Tak disangka, aku berhasil melalui CAT dengan mulus. Aku memperoleh skor cukup tinggi dan berhak mengikuti Seleksi Kompetensi Bidang (SKB). Pada tahap SKB itu, aku mendengar banyak orang yang menggebu ingin diterima. “Beruntung kalau kamu lulus PNS. Orang lain mah harus nunggu bertahun-tahun,” ujar seorang yang kutemui saat SKB.
Lagi-lagi perkataan itu ku tanggapi dengan tersenyum saja.
Waktu yang ditunggu-tunggu CPNS Kemenag pun tiba. Tanggal 15 Januari 2019 malam, pengumuman CPNS Kemenag menyebut nama ku lolos tahapan SKB. Seketika langsung aku sujud syukur.
Segera ku raih ponsel pintarku dan mengetik pesan singkat kepada Bapak.
“Pak enis lulus cpns,” ujarku singkat.
Pesan singkatku baru dibalas Bapak keesokan harinya. “Alhamdulillah, syukur nis bp bangga,” tulis Bapak.
Air mataku pun tumpah. Bapak memang jarang sekali memujiku, beliau seorang yang pendiam. Mengetahui kenyataan aku bisa membuatnya bangga, adalah sebuah kebahagiaan yang tak bisa terucap kata.

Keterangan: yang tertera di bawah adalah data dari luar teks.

lemma rows_le_cols_if_surjective:
  fixes M :: "'a :: field mat"
  assumes M: "M \<in> carrier_mat b a"
    and surj: "\<And>w. w \<in> carrier_vec b \<Longrightarrow> \<exists>v \<in> carrier_vec a. M *\<^sub>v v = w"
  shows "b \<le> a"
proof -
  \<comment> \<open>a right inverse U of M has trivial kernel\<close>
  obtain u where u: "\<And>j. j < b \<Longrightarrow> u j \<in> carrier_vec a \<and> M *\<^sub>v u j = unit_vec b j"
    using surj[OF unit_vec_carrier] by metis
  define U where "U = mat a b (\<lambda>(i, j). u j $ i)"
  have U: "U \<in> carrier_mat a b" unfolding U_def by simp
  have col_U: "col U j = u j" if "j < b" for j
    using u[OF that] that unfolding U_def by (intro eq_vecI) auto
  have MU: "M * U = 1\<^sub>m b"
  proof (rule eq_matI)
    fix i j assume "i < dim_row (1\<^sub>m b)" "j < dim_col (1\<^sub>m b)"
    then have "(M * U) $$ (i, j) = (M *\<^sub>v col U j) $ i" using M U by simp
    then show "(M * U) $$ (i, j) = 1\<^sub>m b $$ (i, j)" using col_U u \<open>i < _\<close> \<open>j < _\<close> by simp
  qed (use M U in auto)
  show ?thesis
  proof (rule cols_le_rows_if_kernel_trivial[OF U])
    fix c assume c: "c \<in> carrier_vec b" "U *\<^sub>v c = 0\<^sub>v a"
    have "c = (M * U) *\<^sub>v c" using MU c by simp
    also have "\<dots> = M *\<^sub>v (U *\<^sub>v c)" using M U c by (simp add: assoc_mult_mat_vec)
    finally show "c = 0\<^sub>v b" using c M by simp
  qed
qed

lemma invertible_mat_if_kernel_trivial:
  fixes M :: "'a :: field mat"
  assumes M: "M \<in> carrier_mat n n"
    and ker: "\<And>v. v \<in> carrier_vec n \<Longrightarrow> M *\<^sub>v v = 0\<^sub>v n \<Longrightarrow> v = 0\<^sub>v n"
  shows "invertible_mat M"
proof -
  have "det M \<noteq> 0" using det_0_iff_vec_prod_zero_field[OF M] ker by auto
  from det_non_zero_imp_unit[OF M this, of "()"]
  obtain B where "B \<in> carrier_mat n n" "B * M = 1\<^sub>m n" "M * B = 1\<^sub>m n"
    unfolding Units_def ring_mat_def by auto
  then show ?thesis unfolding invertible_mat_def inverts_mat_def using M by auto
qed

section \<open>Schur's lemma\<close>

lemma is_irrepD:
  assumes "is_irrep G H \<rho>"
  shows "is_mat_rep G H (rep_dim G \<rho>) \<rho>" and "0 < rep_dim G \<rho>"
    and "is_invariant_subspace H (rep_dim G \<rho>) \<rho> W \<Longrightarrow>
      W = {0\<^sub>v (rep_dim G \<rho>)} \<or> W = carrier_vec (rep_dim G \<rho>)"
  using assms unfolding is_irrep_def Let_def by auto

lemma is_mat_rep_carrier: "is_mat_rep G H d \<rho> \<Longrightarrow> h \<in> H \<Longrightarrow> \<rho> h \<in> carrier_mat d d"
  unfolding is_mat_rep_def by auto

Terbayang kembali kala beliau hadir di wisuda sarjana ku meski harus berjalan menggunakan tongkat. Ya, pada Februari 2018 kaki Bapak patah akibat kecelakaan sewaktu membeli kain sebagai bahan jahitan.
Terbayang pula bagaimana ia selama ini berjuang membiayai kami anak-anaknya dengan usaha jahitan yang dia miliki. Sejak pagi buta hingga tengah malam ia bekerja mencari nafkah. Pernah suatu kali tangannya terluka hebat karena terluka akibat mesin pemotong kain.

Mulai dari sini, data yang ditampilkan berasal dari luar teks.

lemma eventually_rho_less:
  assumes P: "\<And>t. P t \<in> carrier_mat d d" and L: "L \<in> carrier_mat d d" and d: "0 < d"
    and lim: "\<And>a b. a < d \<Longrightarrow> b < d \<Longrightarrow> ((\<lambda>t. P t $$ (a,b)) \<longlongrightarrow> L $$ (a,b)) F"
    and r: "rho L < r"
  shows "\<forall>\<^sub>F t in F. rho (P t) < r"
proof -
  define s where "s = (rho L + r) / 2"
  have s: "rho L < s" "0 < s" "s < r" using r rho_nonneg[OF L d] unfolding s_def by auto
  obtain c where c: "\<And>k i j. i < d \<Longrightarrow> j < d \<Longrightarrow> \<bar>(L ^\<^sub>m k) $$ (i,j)\<bar> \<le> c * s ^ k"
    using mat_pow_index_geometric_bound[OF L d s(1)] by blast
  have c0: "0 \<le> c" using c[OF d d, of 0] by simp
  obtain k where k: "(s / r) ^ k < 1 / (2 * d * (c + 1))"
    using real_arch_pow_inv[of "1 / (2 * d * (c + 1))" "s / r"] s d c0 by auto
  define eps where "eps = r ^ k / (2 * d)"
  have eps: "0 < eps" using s d unfolding eps_def by simp
  have D: "0 < 2 * d * (c + 1)" using d c0 by simp
  have "s ^ k < r ^ k / (2 * d * (c + 1))"
    using k s by (simp add: power_divide divide_less_eq)
  then have "s ^ k * (2 * d * (c + 1)) < r ^ k" by (simp only: pos_less_divide_eq[OF D])
  then have "d * (c + 1) * s ^ k < r ^ k / 2" by (simp add: algebra_simps)
  moreover have "d * c * s ^ k \<le> d * (c + 1) * s ^ k" using s by (intro mult_right_mono) (auto simp: distrib_left)
  moreover have "d * (c * s ^ k + eps) = d * c * s ^ k + r ^ k / 2"
    using d unfolding eps_def by (simp add: distrib_left)
  ultimately have small: "d * (c * s ^ k + eps) < r ^ k" by linarith
  have "\<forall>\<^sub>F t in F. \<forall>p\<in>{..<d}\<times>{..<d}. dist ((P t ^\<^sub>m k) $$ p) ((L ^\<^sub>m k) $$ p) < eps"
    using tendsto_mat_pow_index[OF P L lim] eps by (intro eventually_ball_finite) (auto intro: tendstoD)
  then show ?thesis
  proof (rule eventually_mono)
    fix t assume near: "\<forall>p\<in>{..<d}\<times>{..<d}. dist ((P t ^\<^sub>m k) $$ p) ((L ^\<^sub>m k) $$ p) < eps"
    have "rho (P t) ^ k \<le> d * (c * s ^ k + eps)"
    proof (rule rho_pow_le_index_bound[OF P d])
      fix i j assume ij: "i < d" "j < d"
      have "\<bar>(P t ^\<^sub>m k) $$ (i,j) - (L ^\<^sub>m k) $$ (i,j)\<bar> < eps"
        using near ij by (auto simp: dist_real_def)
      with c[OF ij, of k] show "\<bar>(P t ^\<^sub>m k) $$ (i,j)\<bar> \<le> c * s ^ k + eps" by linarith
    qed
    with small have "rho (P t) ^ k < r ^ k" by linarith
    moreover have "0 \<le> r" using s by linarith
    ultimately show "rho (P t) < r" by (rule power_less_imp_less_base)
  qed
qed

lemma nonneg_mat_segment:
  assumes X: "X \<in> carrier_mat d d" and B: "B \<in> carrier_mat d d"
    and "nonneg_mat X" and "nonneg_mat B" and t: "0 \<le> t" "t \<le> 1"
  shows "nonneg_mat (X + t \<cdot>\<^sub>m (B - X))"
  unfolding nonneg_mat_def
proof (intro allI impI)
  fix i j assume "i < dim_row (X + t \<cdot>\<^sub>m (B - X))" "j < dim_col (X + t \<cdot>\<^sub>m (B - X))"
  then have ij: "i < d" "j < d" using X by auto
  have "0 \<le> X $$ (i,j)" "0 \<le> B $$ (i,j)"
    using assms ij unfolding nonneg_mat_def by auto
  then have "0 \<le> (1 - t) * X $$ (i,j) + t * B $$ (i,j)" using t by simp
  also have "\<dots> = (X + t \<cdot>\<^sub>m (B - X)) $$ (i,j)"
    using X B ij by (simp add: algebra_simps)
  finally show "0 \<le> (X + t \<cdot>\<^sub>m (B - X)) $$ (i,j)" .
qed

lemma feasible_P_nonneg_below:
  assumes X: "feasible_P d X" and Y: "Y \<in> carrier_mat d d"
    and le: "\<And>a b. a < d \<Longrightarrow> b < d \<Longrightarrow> 0 \<le> Y $$ (a,b) \<and> Y $$ (a,b) \<le> X $$ (a,b)"
  shows "feasible_P d Y"
proof (cases "d = 0")
  case True
  then have "Y = X" using X Y unfolding feasible_P_def by (intro eq_matI) auto
  with X show ?thesis by simp
next
  case False
  then have "rho Y \<le> rho X"
    using X Y le unfolding feasible_P_def by (intro rho_mono_nonneg) auto
  then show ?thesis using X Y le unfolding feasible_P_def nonneg_mat_def by auto
qed

lemma local_min_P_no_descent_segment:
  assumes min: "local_min_P d A X" and B: "B \<in> carrier_mat d d"
    and descent: "\<forall>\<^sub>F t in at_right 0. feasible_P d (X + t \<cdot>\<^sub>m (B - X))
      \<and> frob_norm (X + t \<cdot>\<^sub>m (B - X) - A) < frob_norm (X - A)"
  shows False
proof -
  obtain e where X: "X \<in> carrier_mat d d" and e: "0 < e"
    and le: "\<And>Y. feasible_P d Y \<Longrightarrow> frob_norm (Y - X) < e \<Longrightarrow> frob_norm (X - A) \<le> frob_norm (Y - A)"
    using min unfolding local_min_P_def feasible_P_def by blast
  have dist: "frob_norm (X + t \<cdot>\<^sub>m (B - X) - X) = \<bar>t\<bar> * frob_norm (B - X)" for t
  proof -
    have "X + t \<cdot>\<^sub>m (B - X) - X = t \<cdot>\<^sub>m (B - X)" using X B by (intro eq_matI) auto
    then show ?thesis by (simp add: frob_norm_smult)
  qed
  have "((\<lambda>t. \<bar>t\<bar> * frob_norm (B - X)) \<longlongrightarrow> \<bar>0\<bar> * frob_norm (B - X)) (at_right 0)"
    by (intro tendsto_intros)
  then have "\<forall>\<^sub>F t in at_right 0. \<bar>t\<bar> * frob_norm (B - X) < e"
    using e by (simp add: order_tendstoD(2))
  with descent have "\<forall>\<^sub>F t in at_right (0::real). False"
    by eventually_elim (use le dist in force)
  then show False by simp
qed

lemma local_min_P_le:
  assumes A: "A \<in> carrier_mat d d" "nonneg_mat A" and min: "local_min_P d A X"
    and ij: "i < d" "j < d"
  shows "X $$ (i,j) \<le> A $$ (i,j)"
proof (rule ccontr)
  assume "\<not> X $$ (i,j) \<le> A $$ (i,j)"
  then have gt: "0 < X $$ (i,j) - A $$ (i,j)" by simp
  have feasible: "feasible_P d X" using min unfolding local_min_P_def by simp
  then have X: "X \<in> carrier_mat d d" "nonneg_mat X" unfolding feasible_P_def by auto
  define B where "B = mat d d (\<lambda>p. if p = (i,j) then A $$ p else X $$ p)"
  have B: "B \<in> carrier_mat d d" unfolding B_def by simp
  have entry: "(X + t \<cdot>\<^sub>m (B - X)) $$ (a,b) =
      (if (a,b) = (i,j) then X $$ (i,j) - t * (X $$ (i,j) - A $$ (i,j)) else X $$ (a,b))"
    if "a < d" "b < d" for t a b
    using that X B by (auto simp: B_def algebra_simps)
  have "feasible_P d (X + t \<cdot>\<^sub>m (B - X)) \<and> frob_norm (X + t \<cdot>\<^sub>m (B - X) - A) < frob_norm (X - A)"
    if t: "0 < t" "t < 1" for t
  proof
    show "feasible_P d (X + t \<cdot>\<^sub>m (B - X))"
    proof (rule feasible_P_nonneg_below[OF feasible])
      fix a b assume ab: "a < d" "b < d"
      have nonneg: "0 \<le> X $$ (a,b)" "0 \<le> X $$ (i,j)" "0 \<le> A $$ (i,j)"
        using X(1,2) A ab ij unfolding nonneg_mat_def by auto
      have "0 \<le> (1 - t) * X $$ (i,j) + t * A $$ (i,j)"
        using nonneg t by (intro add_nonneg_nonneg mult_nonneg_nonneg) auto
      moreover have "0 \<le> t * (X $$ (i,j) - A $$ (i,j))" using gt t by simp
      ultimately show "0 \<le> (X + t \<cdot>\<^sub>m (B - X)) $$ (a,b) \<and> (X + t \<cdot>\<^sub>m (B - X)) $$ (a,b) \<le> X $$ (a,b)"
        unfolding entry[OF ab] using nonneg by (auto simp: algebra_simps)
    qed (use X B in auto)
    have diff: "(X + t \<cdot>\<^sub>m (B - X) - A) $$ (a,b) =
        (if (a,b) = (i,j) then (1 - t) * (X - A) $$ (i,j) else (X - A) $$ (a,b))"
      if "a < d" "b < d" for a b
      using that X(1) A(1) by (simp add: B_def algebra_simps)
    show "frob_norm (X + t \<cdot>\<^sub>m (B - X) - A) < frob_norm (X - A)"
    proof (rule frob_norm_strict_mono[OF _ _ _ ij])
      show "\<bar>(X + t \<cdot>\<^sub>m (B - X) - A) $$ (a,b)\<bar> \<le> \<bar>(X - A) $$ (a,b)\<bar>" if "a < d" "b < d" for a b
        using t unfolding diff[OF that] by (simp add: abs_mult mult_left_le_one_le)
      show "\<bar>(X + t \<cdot>\<^sub>m (B - X) - A) $$ (i,j)\<bar> < \<bar>(X - A) $$ (i,j)\<bar>"
        using t gt ij X(1) A(1) unfolding diff[OF ij] by (simp add: abs_mult)
    qed (use X(1) A(1) in auto)
  qed
  then have "\<forall>\<^sub>F t in at_right 0. feasible_P d (X + t \<cdot>\<^sub>m (B - X))
      \<and> frob_norm (X + t \<cdot>\<^sub>m (B - X) - A) < frob_norm (X - A)"
    using eventually_at_right_real[of "0::real" 1] by (simp add: eventually_mono)
  then show False by (rule local_min_P_no_descent_segment[OF min B])
qed

lemma local_min_P_rho_eq_1:
  assumes A: "A \<in> carrier_mat d d" "nonneg_mat A" "1 < rho A" and min: "local_min_P d A X"
  shows "rho X = 1"
proof (rule ccontr)
  have X: "X \<in> carrier_mat d d" "nonneg_mat X" "rho X \<le> 1"
    using min unfolding local_min_P_def feasible_P_def by auto
  assume "rho X \<noteq> 1"
  then have less: "rho X < 1" using X(3) by simp
  have "X \<noteq> A" using X(3) A(3) by auto
  then obtain a b where ab: "a < d" "b < d" "X $$ (a,b) \<noteq> A $$ (a,b)"
    using X(1) A(1) by (auto simp: mat_eq_iff)
  have "\<forall>\<^sub>F t in at_right 0. rho (X + t \<cdot>\<^sub>m (A - X)) < 1"
  proof (rule eventually_rho_less[OF _ X(1) _ _ less])
    show "X + t \<cdot>\<^sub>m (A - X) \<in> carrier_mat d d" for t
      using X(1) A(1) by (intro add_carrier_mat smult_carrier_mat minus_carrier_mat)
    show "0 < d" using ab by simp
    fix i j assume ij: "i < d" "j < d"
    have "((\<lambda>t. X $$ (i,j) + t * (A $$ (i,j) - X $$ (i,j))) \<longlongrightarrow> X $$ (i,j) + 0 * (A $$ (i,j) - X $$ (i,j))) (at_right 0)"
      by (intro tendsto_intros)
    then show "((\<lambda>t. (X + t \<cdot>\<^sub>m (A - X)) $$ (i,j)) \<longlongrightarrow> X $$ (i,j)) (at_right 0)"
      using ij X(1) A(1) by simp
  qed
  moreover have "\<forall>\<^sub>F t in at_right 0. t \<in> {0<..<(1::real)}" by (rule eventually_at_right_real) simp
  ultimately have "\<forall>\<^sub>F t in at_right 0. feasible_P d (X + t \<cdot>\<^sub>m (A - X))
      \<and> frob_norm (X + t \<cdot>\<^sub>m (A - X) - A) < frob_norm (X - A)"
  proof eventually_elim
    case (elim t)
    have diff: "(X + t \<cdot>\<^sub>m (A - X) - A) $$ (i,j) = (1 - t) * (X - A) $$ (i,j)"
      if "i < d" "j < d" for i j
      using that X(1) A(1) by (simp add: algebra_simps)
    have "frob_norm (X + t \<cdot>\<^sub>m (A - X) - A) < frob_norm (X - A)"
    proof (rule frob_norm_strict_mono[OF _ _ _ ab(1,2)])
      show "\<bar>(X + t \<cdot>\<^sub>m (A - X) - A) $$ (i,j)\<bar> \<le> \<bar>(X - A) $$ (i,j)\<bar>" if "i < d" "j < d" for i j
        using elim unfolding diff[OF that] by (simp add: abs_mult mult_left_le_one_le)
      show "\<bar>(X + t \<cdot>\<^sub>m (A - X) - A) $$ (a,b)\<bar> < \<bar>(X - A) $$ (a,b)\<bar>"
        using elim ab X(1) A(1) unfolding diff[OF ab(1,2)] by (simp add: abs_mult)
    qed (use X(1) A(1) in auto)
    then show ?case
      using elim nonneg_mat_segment[OF X(1) A(1) X(2) A(2), of t] X(1)
      unfolding feasible_P_def by auto
  qed
  then show False by (rule local_min_P_no_descent_segment[OF min A(1)])
qed

theorem lemma3:
  fixes A X :: "real mat" and d :: nat
  assumes "A \<in> carrier_mat d d" and "nonneg_mat A" and "rho A > 1"
    and "local_min_P d A X"
  shows "(\<forall>i<d. \<forall>j<d. X $$ (i,j) \<le> A $$ (i,j)) \<and> rho X = 1"
  using local_min_P_le[OF assms(1,2,4)] local_min_P_rho_eq_1[OF assms] by blast

end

Pengorbanannya semoga tak sia-sia. Mengetahui aku diterima CPNS Kemenag membuatnya sangat bahagia. Dia tahun sebelumnya adikku juga lulus di STAN yang otomatis akan diangkat menjadi PNS Kementerian Keuangan.
Teruntuk Bapak, ini semua adalah jawaban atas doa-doa mu. Kini tugasku untuk membahagiakanmu. Salah satunya menjalani kewajiban, menjadi CPNS Kemenag.